# Can someone explain this question using a FBD?

## Mar 25, 2016

Acceleration $a = - 5404.593 m {s}^{-} 2$ rounded to three decimal places. $- v e$ sign shows that it is retardation.

Force $f = 783.666 N$ rounded to three decimal places.

#### Explanation:

To simplify the problem we need to make the following assumptions: (Presume if these are understood, FBD may not be needed)

1. During the process of bringing the baseball to rest by Brandon, acceleration due to gravity $g$ plays negligible role. Hence it has been ignored.
2. The direction of motion of the ball and the direction in which force is applied by Brandon along the same line of action and therefore, full force is utilized in stopping the ball.
3. It is assumed that distance of recoil of hand is the distance moved by the baseball-hand system after the ball is captured.
4. This is the distance through which the ball comes to stop from initial velocity of $38.2 m {s}^{-} 1$ the moment the hand touched it first.
5. The force applied by the hand of player is such that constant retardation is produced during this distance.

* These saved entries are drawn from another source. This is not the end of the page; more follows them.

lemma comb_vertex_dominates_nothing:
  assumes "4 \<le> n" "2 \<le> a" "a \<le> b" "b + 2 \<le> n" "even a" "even (n - b)"
    and "w \<in> comb n a b" "w \<notin> C"
  shows "nbhdC n 1 C w \<inter> ({a..b} \<union> comb n a b) = {}"
proof (cases "w = 0")
  case True
  have "open_nbhd n 1 0 = {1, n - 1}" using assms by (intro open_nbhd_web1_0) simp
  moreover have "1 \<notin> {a..b} \<union> comb n a b" "n - 1 \<notin> {a..b} \<union> comb n a b"
    using assms by (auto simp: comb_def)
  ultimately show ?thesis using True assms(8) unfolding nbhdC_def by auto
next
  case False
  have "w < n" and side: "w < a \<and> even (a - w) \<or> b < w \<and> even (w - b)"
    using assms(7) by (auto simp: comb_def)
  have far: "w + 2 \<le> a \<or> b + 2 \<le> w \<and> w + 1 < n"
    using side
  proof
    assume "w < a \<and> even (a - w)"
    then have "a - w \<noteq> 1" by (metis odd_one)
    with \<open>w < a \<and> even (a - w)\<close> show ?thesis by linarith
  next
    assume right: "b < w \<and> even (w - b)"
    then have "w - b \<noteq> 1" by (metis odd_one)
    moreover have "w + 1 \<noteq> n"
    proof
      assume "w + 1 = n"
      then have "n - b = Suc (w - b)" using right by linarith
      with right assms(6) show False by simp
    qed
    ultimately show ?thesis using right \<open>w < n\<close> by linarith
  qed
  then have "nbhdC n 1 C w = {w - 1, w + 1}"
    using nbhdC_web1[of w n C] False assms by auto
  moreover have "w - 1 \<notin> {a..b} \<union> comb n a b" "w + 1 \<notin> {a..b} \<union> comb n a b"
    using far False assms by (auto simp: comb_def)
  ultimately show ?thesis by auto
qed

lemma gap_vertex_dominates_two:
  assumes "4 \<le> n" "2 \<le> a" "a \<le> b" "b + 2 \<le> n" "even a" "even (n - b)"
    and "w < n" "w \<notin> {a..b} \<union> comb n a b"
  obtains y z where "y \<noteq> z" "y \<in> nbhdC n 1 C w \<inter> ({a..b} \<union> comb n a b)"
    "z \<in> nbhdC n 1 C w \<inter> ({a..b} \<union> comb n a b)"
proof (cases "w = n - 1")
  case True
  have "open_nbhd n 1 (n - 1) = {n - 2, 0}" using assms by (intro open_nbhd_web1_last) simp
  then have "n - 2 \<in> nbhdC n 1 C w" "0 \<in> nbhdC n 1 C w"
    using True by (auto simp: nbhdC_def closed_nbhd_def)
  moreover have "n - 2 \<in> {a..b} \<union> comb n a b" "0 \<in> {a..b} \<union> comb n a b"
    using assms by (auto simp: comb_def)
  ultimately show ?thesis using that[of "n - 2" 0] assms by auto
next
  case False
  have "0 \<in> comb n a b" using assms by (simp add: comb_def)
  then have "w \<noteq> 0" using assms(8) by (metis UnCI)
  then have w: "0 < w" "w + 1 < n" using False assms(7) by auto
  then have nb: "w - 1 \<in> nbhdC n 1 C w" "w + 1 \<in> nbhdC n 1 C w"
    using nbhdC_web1[of w n C] by auto
  have "w < a \<and> odd (a - w) \<or> b < w \<and> odd (w - b)"
    using assms(7,8) by (auto simp: comb_def)
  then have "w - 1 \<in> {a..b} \<union> comb n a b" "w + 1 \<in> {a..b} \<union> comb n a b"
    using w assms by (auto simp: comb_def)
  with nb show ?thesis using that[of "w - 1" "w + 1"] w by auto
qed

lemma singleton_pick_on_path:
  assumes "4 \<le> n" "2 \<le> a" "a \<le> b" "b + 2 \<le> n" "even a" "even (n - b)" "comb n a b \<inter> C = {}"
    and single: "nbhdC n 1 C w \<inter> ({a..b} \<union> comb n a b) = {x}"
  shows "w \<in> {a..b}"
proof (rule ccontr)
  let ?S = "{a..b} \<union> comb n a b"
  assume "w \<notin> {a..b}"
  have "w < n"
  proof (rule ccontr)
    assume "\<not> w < n"
    then have "nbhdC n 1 C w \<inter> web_V n = {}" by (intro nbhdC_Int_web_V_empty) simp
    moreover have "?S \<subseteq> web_V n" using assms by (auto simp: web_V_def comb_def)
    ultimately show False using single by blast
  qed
  show False
  proof (cases "w \<in> comb n a b")
    case True
    then have "w \<notin> C" using assms(7) by blast
    with True have "nbhdC n 1 C w \<inter> ?S = {}" by (rule comb_vertex_dominates_nothing[OF assms(1-6)])
    with single show False by simp
  next
    case False
    with \<open>w \<notin> {a..b}\<close> obtain y z where "y \<noteq> z" "y \<in> nbhdC n 1 C w \<inter> ?S" "z \<in> nbhdC n 1 C w \<inter> ?S"
      using gap_vertex_dominates_two[OF assms(1-6) \<open>w < n\<close>] by blast
    with single show False by (metis singletonD)
  qed
qed

lemma path_comb_singleton_pick_cases:
  assumes "4 \<le> n" "2 \<le> a" "a \<le> b" "b + 2 \<le> n" "even a" "even (n - b)" "comb n a b \<inter> C = {}"
    and single: "nbhdC n 1 C w \<inter> ({a..b} \<union> comb n a b) = {x}"
  shows "w = a \<and> a < b \<and> a \<notin> C \<or> w = b \<and> a < b \<and> b \<notin> C \<or> w = a \<and> a = b \<and> a \<in> C"
proof -
  let ?S = "{a..b} \<union> comb n a b"
  have two: "y = z" if "y \<in> nbhdC n 1 C w \<inter> ?S" "z \<in> nbhdC n 1 C w \<inter> ?S" for y z
    using single that by (metis singletonD)
  have "w \<in> {a..b}" using singleton_pick_on_path[OF assms] .
  then have "0 < w" "w + 1 < n" using assms by auto
  then have N: "nbhdC n 1 C w = (if w \<in> C then {w - 1, w, w + 1} else {w - 1, w + 1})"
    by (rule nbhdC_web1)
  consider "a < w" "w < b" | "w = a" "a < b" | "w = b" "a < b" | "w = a" "a = b"
    using \<open>w \<in> {a..b}\<close> by force
  then show ?thesis
  proof cases
    case 1
    then have "w - 1 \<in> nbhdC n 1 C w \<inter> ?S" "w + 1 \<in> nbhdC n 1 C w \<inter> ?S" unfolding N by auto
    then have "w - 1 = w + 1" by (rule two)
    then show ?thesis by simp
  next
    case 2
    have "a \<notin> C"
    proof
      assume "a \<in> C"
      with 2 have "a \<in> nbhdC n 1 C w \<inter> ?S" "a + 1 \<in> nbhdC n 1 C w \<inter> ?S" unfolding N by auto
      then have "a = a + 1" by (rule two)
      then show False by simp
    qed
    with 2 show ?thesis by simp
  next
    case 3
    have "b \<notin> C"
    proof
      assume "b \<in> C"
      with 3 have "b \<in> nbhdC n 1 C w \<inter> ?S" "b - 1 \<in> nbhdC n 1 C w \<inter> ?S" unfolding N by auto
      then have "b = b - 1" by (rule two)
      with 3 show False by simp
    qed
    with 3 show ?thesis by simp
  next
    case 4
    have "a \<in> C"
    proof (rule ccontr)
      assume "a \<notin> C"
      then have "nbhdC n 1 C w = {w - 1, w + 1}" using N 4 by simp
      moreover have "w - 1 \<notin> ?S" "w + 1 \<notin> ?S" using 4 assms by (auto simp: comb_def)
      ultimately have "nbhdC n 1 C w \<inter> ?S = {}" by auto
      with single show False by simp
    qed
    with 4 show ?thesis by simp
  qed
qed
definition pure :: "('j \<Rightarrow>\<^sub>0 'k::comm_ring_1) list \<Rightarrow> ('j list \<Rightarrow>\<^sub>0 'k)" where
  "pure bs = foldr (\<lambda>b t. tprod (lift1 b) t) bs (Poly_Mapping.single [] 1)"

definition ebasis :: "'a \<Rightarrow> ('a \<Rightarrow>\<^sub>0 'k::comm_ring_1)" where
  "ebasis a = Poly_Mapping.single a 1"

definition mulT :: "(('j \<Rightarrow>\<^sub>0 'k) \<Rightarrow> ('j \<Rightarrow>\<^sub>0 'k) \<Rightarrow> ('j \<Rightarrow>\<^sub>0 'k::comm_ring_1))
    \<Rightarrow> ('j list \<Rightarrow>\<^sub>0 'k) \<Rightarrow> ('j list \<Rightarrow>\<^sub>0 'k) \<Rightarrow> ('j list \<Rightarrow>\<^sub>0 'k)" where
  "mulT mulB x y = (\<Sum>a\<in>Poly_Mapping.keys x. \<Sum>b\<in>Poly_Mapping.keys y. pscale (Poly_Mapping.lookup x a * Poly_Mapping.lookup y b)
      (if length a = length b then pure (map2 (\<lambda>i j. mulB (ebasis i) (ebasis j)) a b) else 0))"

definition oneT :: "('j \<Rightarrow>\<^sub>0 'k::comm_ring_1) \<Rightarrow> nat \<Rightarrow> ('j list \<Rightarrow>\<^sub>0 'k)" where
  "oneT oneB n = pure (replicate n oneB)"

definition starT :: "(('j \<Rightarrow>\<^sub>0 'k) \<Rightarrow> ('j \<Rightarrow>\<^sub>0 'k::comm_ring_1)) \<Rightarrow> ('j list \<Rightarrow>\<^sub>0 'k) \<Rightarrow> ('j list \<Rightarrow>\<^sub>0 'k)" where
  "starT starB x = lin_ext (\<lambda>a. pure (map (\<lambda>j. starB (ebasis j)) a)) x"

text \<open>Z_i = 1^(i-1) (x) Z (x) 1^(d-i-1) in B^(x)d (1-based i).\<close>
definition emb :: "('j \<Rightarrow>\<^sub>0 'k::comm_ring_1) \<Rightarrow> nat \<Rightarrow> nat \<Rightarrow> ('j list \<Rightarrow>\<^sub>0 'k) \<Rightarrow> ('j list \<Rightarrow>\<^sub>0 'k)" where
  "emb oneB d i Z = tprod (pure (replicate (i - 1) oneB)) (tprod Z (pure (replicate (d - i - 1) oneB)))"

(a) We know that that for constant acceleration $a$

${v}^{2} - {u}^{2} = 2 a s$
Where various symbols have meaning well known to us.
Inserting given values

${0}^{2} - {\left(38.2\right)}^{2} = 2 \times a \times 0.135$, solving for $a$
$a = - 5404.593 m {s}^{-} 2$ rounded to three decimal places. Negative sign shows that direction of acceleration is opposite to the direction of motion.
(b) Force $f = m \times a$
$\therefore f = 0.145 \times 5404.593 = 783.666 N$ rounded to three decimal places.